AJP Heart and Circulatory Physiology ◽

10.1152/ajpheart.1999.276.6.h1818 ◽

1999 ◽

Vol 276 (6) ◽

pp. H1818-H1826 ◽

Cited By ~ 3

Author(s):

Alan T. Hirsch ◽

John A. Opsahl ◽

Mary M. Lunzer ◽

Stephen A. Katz

Keyword(s):

Myocardial Infarction ◽

Cardiac Hypertrophy ◽

Infarct Size ◽

Interstitial Fluid ◽

Renin Angiotensin System ◽

Plasma Renin ◽

Left Ventricular ◽

Angiotensin System ◽

Renin Angiotensin ◽

Active Renin

The renin-angiotensin system promotes cardiac hypertrophy after myocardial infarction.

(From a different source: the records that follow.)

(* For every block graph $G$, $\operatorname{cobox}(G)\le \operatorname{cothdim}(G)\le 2\operatorname{cobox}(G)$.
   Context: All graphs are finite and simple. A block is a maximal connected subgraph with no cut-vertex of its own; a block graph is a graph whose blocks are all complete. The co-boxicity $\operatorname{cobox}(G)$ is the boxicity of the complement of $G$; equivalently, the minimum number of co-interval subgraphs of $G$ whose edge sets have union $E(G)$, where a graph is co-interval if its vertices can be assigned closed real intervals such that two vertices are adjacent iff their intervals are disjoint. A threshold graph is a graph obtainable from a single vertex by repeatedly adding an isolated or a universal vertex. The threshold co-dimension $\operatorname{cothdim}(G)$ is the minimum number of threshold subgraphs of $G$ whose edge sets have union $E(G)$. *)

theory Defs
  imports Main "HOL-Library.Disjoint_Sets" Complex_Main
begin

definition graph :: "'a set \<Rightarrow> 'a set set \<Rightarrow> bool" where
  "graph V E \<longleftrightarrow> finite V \<and> (\<forall>e\<in>E. \<exists>u v. u \<in> V \<and> v \<in> V \<and> u \<noteq> v \<and> e = {u, v})"

definition subgraph :: "'a set \<Rightarrow> 'a set set \<Rightarrow> 'a set \<Rightarrow> 'a set set \<Rightarrow> bool" where
  "subgraph W F V E \<longleftrightarrow> W \<subseteq> V \<and> F \<subseteq> E \<and> (\<forall>e\<in>F. e \<subseteq> W)"

definition reach :: "'a set \<Rightarrow> 'a set set \<Rightarrow> 'a \<Rightarrow> 'a \<Rightarrow> bool" where
  "reach W F x y \<longleftrightarrow> (\<lambda>a b. a \<in> W \<and> b \<in> W \<and> {a, b} \<in> F)\<^sup>*\<^sup>* x y"

definition connected_graph :: "'a set \<Rightarrow> 'a set set \<Rightarrow> bool" where
  "connected_graph W F \<longleftrightarrow> W \<noteq> {} \<and> (\<forall>x\<in>W. \<forall>y\<in>W. reach W F x y)"

text \<open>v is a cut-vertex of (W, F) iff deleting v increases the number of components,
  i.e. some two other vertices connected in (W, F) become disconnected.\<close>
definition cut_vertex :: "'a set \<Rightarrow> 'a set set \<Rightarrow> 'a \<Rightarrow> bool" where
  "cut_vertex W F v \<longleftrightarrow> v \<in> W \<and>
     (\<exists>x\<in>W - {v}. \<exists>y\<in>W - {v}. reach W F x y \<and> \<not> reach (W - {v}) {e\<in>F. v \<notin> e} x y)"

definition nonsep :: "'a set \<Rightarrow> 'a set set \<Rightarrow> bool" where
  "nonsep W F \<longleftrightarrow> connected_graph W F \<and> (\<forall>v. \<not> cut_vertex W F v)"

definition block :: "'a set \<Rightarrow> 'a set set \<Rightarrow> 'a set \<Rightarrow> 'a set set \<Rightarrow> bool" where
  "block V E W F \<longleftrightarrow> subgraph W F V E \<and> nonsep W F \<and>
     (\<forall>W' F'. subgraph W' F' V E \<and> nonsep W' F' \<and> W \<subseteq> W' \<and> F \<subseteq> F'
        \<longrightarrow> W' = W \<and> F' = F)"

definition complete_graph :: "'a set \<Rightarrow> 'a set set \<Rightarrow> bool" where
  "complete_graph W F \<longleftrightarrow> F = {{u, v} | u v. u \<in> W \<and> v \<in> W \<and> u \<noteq> v}"

definition block_graph :: "'a set \<Rightarrow> 'a set set \<Rightarrow> bool" where
  "block_graph V E \<longleftrightarrow> graph V E \<and> (\<forall>W F. block V E W F \<longrightarrow> complete_graph W F)"

definition cointerval :: "'a set \<Rightarrow> 'a set set \<Rightarrow> bool" where
  "cointerval W F \<longleftrightarrow> (\<exists>l r :: 'a \<Rightarrow> real. (\<forall>v\<in>W. l v \<le> r v) \<and>
     (\<forall>u\<in>W. \<forall>v\<in>W. u \<noteq> v \<longrightarrow> ({u, v} \<in> F \<longleftrightarrow> {l u..r u} \<inter> {l v..r v} = {})))"

inductive threshold :: "'a set \<Rightarrow> 'a set set \<Rightarrow> bool" where
  single: "threshold {v} {}"
| isolated: "threshold W F \<Longrightarrow> v \<notin> W \<Longrightarrow> threshold (insert v W) F"
| universal: "threshold W F \<Longrightarrow> v \<notin> W \<Longrightarrow> threshold (insert v W) (F \<union> {{v, u} | u. u \<in> W})"

definition cobox :: "'a set \<Rightarrow> 'a set set \<Rightarrow> nat" where
  "cobox V E = (LEAST k. \<exists>HV HE. (\<forall>i<k. subgraph (HV i) (HE i) V E \<and> cointerval (HV i) (HE i))
                                  \<and> (\<Union>i<k. HE i) = E)"

definition cothdim :: "'a set \<Rightarrow> 'a set set \<Rightarrow> nat" where
  "cothdim V E = (LEAST k. \<exists>HV HE. (\<forall>i<k. subgraph (HV i) (HE i) V E \<and> threshold (HV i) (HE i))
                                  \<and> (\<Union>i<k. HE i) = E)"

end

theory Submission
  imports Defs "HOL-Library.Product_Order"
begin

text \<open>Threshold graphs are co-interval, which gives the first inequality. For the second it suffices
  to cover the edges of a co-interval subgraph \<open>F\<close> of a block graph by two threshold subgraphs.
  Orient every edge \<open>uv\<close> of \<open>F\<close> so that the interval of \<open>u\<close> lies to the left of that of \<open>v\<close>.
  Let \<open>x\<close> be the left end whose interval ends first and \<open>y\<close> the right end whose interval starts
  last. Then \<open>uy\<close> and \<open>vx\<close> are edges of \<open>F\<close> for every edge \<open>uv\<close>, so either \<open>u = x\<close>, or
  \<open>v = y\<close>, or \<open>u v x y\<close> is a 4-cycle. A 4-cycle is 2-connected, hence lies in a block, which is
  complete; so both of its chords are edges. Therefore \<open>F\<close> is covered by the star at \<open>y\<close>
  together with the star at \<open>x\<close> joined to the clique formed by \<open>y\<close> and the common neighbours
  of \<open>x\<close> and \<open>y\<close>; both are threshold graphs.\<close>

section \<open>Blocks and 4-cycles\<close>

lemma graph_edgeE:
  assumes "graph V E" "e \<in> E"
  obtains u v where "u \<in> V" "v \<in> V" "u \<noteq> v" "e = {u, v}"
  using assms unfolding graph_def by blast

lemma graph_edge_subset: "graph V E \<Longrightarrow> e \<in> E \<Longrightarrow> e \<subseteq> V"
  by (elim graph_edgeE) auto

lemma graph_edge_neq:
  assumes "graph V E" "{u, v} \<in> E"
  shows "u \<noteq> v"
  using assms by (elim graph_edgeE) (auto simp: doubleton_eq_iff)

lemma graph_finite_edges:
  assumes "graph V E"
  shows "finite E"
proof -
  have "E \<subseteq> Pow V" using assms by (auto dest: graph_edge_subset)
  moreover have "finite V" using assms unfolding graph_def by simp
  ultimately show ?thesis by (simp add: finite_subset)
qed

The purpose of this study was to measure renin and angiotensinogen in plasma and myocardium 10 days after myocardial infarction. Infarction involving 45 ± 4% of left ventricular circumference with accompanying hypertrophy was induced in rats ( n = 14). Plasma and myocardial renin were increased after infarction compared with sham controls ( n = 8) (27.4 ± 3.2 vs. 7.5 ± 1.8 ng ANG I ⋅ ml plasma ⋅ h−1, P < 0.0002; and 8.8 ± 1.6 vs. 2.5 ± 0.1 ng ANG I ⋅ g myocardium−1 ⋅ h−1, P < 0.008, respectively). After infarction, myocardial renin was correlated with infarct size ( r = 0.62, P < 0.02) and plasma renin ( r = 0.55, P < 0.04). Plasma angiotensinogen decreased in infarct animals, but myocardial angiotensinogen was not different from shams (1.1 ± 0.08 vs. 2.03 ± 0.06 nM/ml plasma, P < 0.002; and 0.081 ± 0.008 vs. 0.070 ± 0.004 nM/g myocardium, respectively). In conclusion, myocardial renin increased after infarction in proportion to plasma renin and infarct size, and myocardial angiotensinogen was maintained after infarction despite decreased plasma angiotensinogen and increased levels of myocardial renin.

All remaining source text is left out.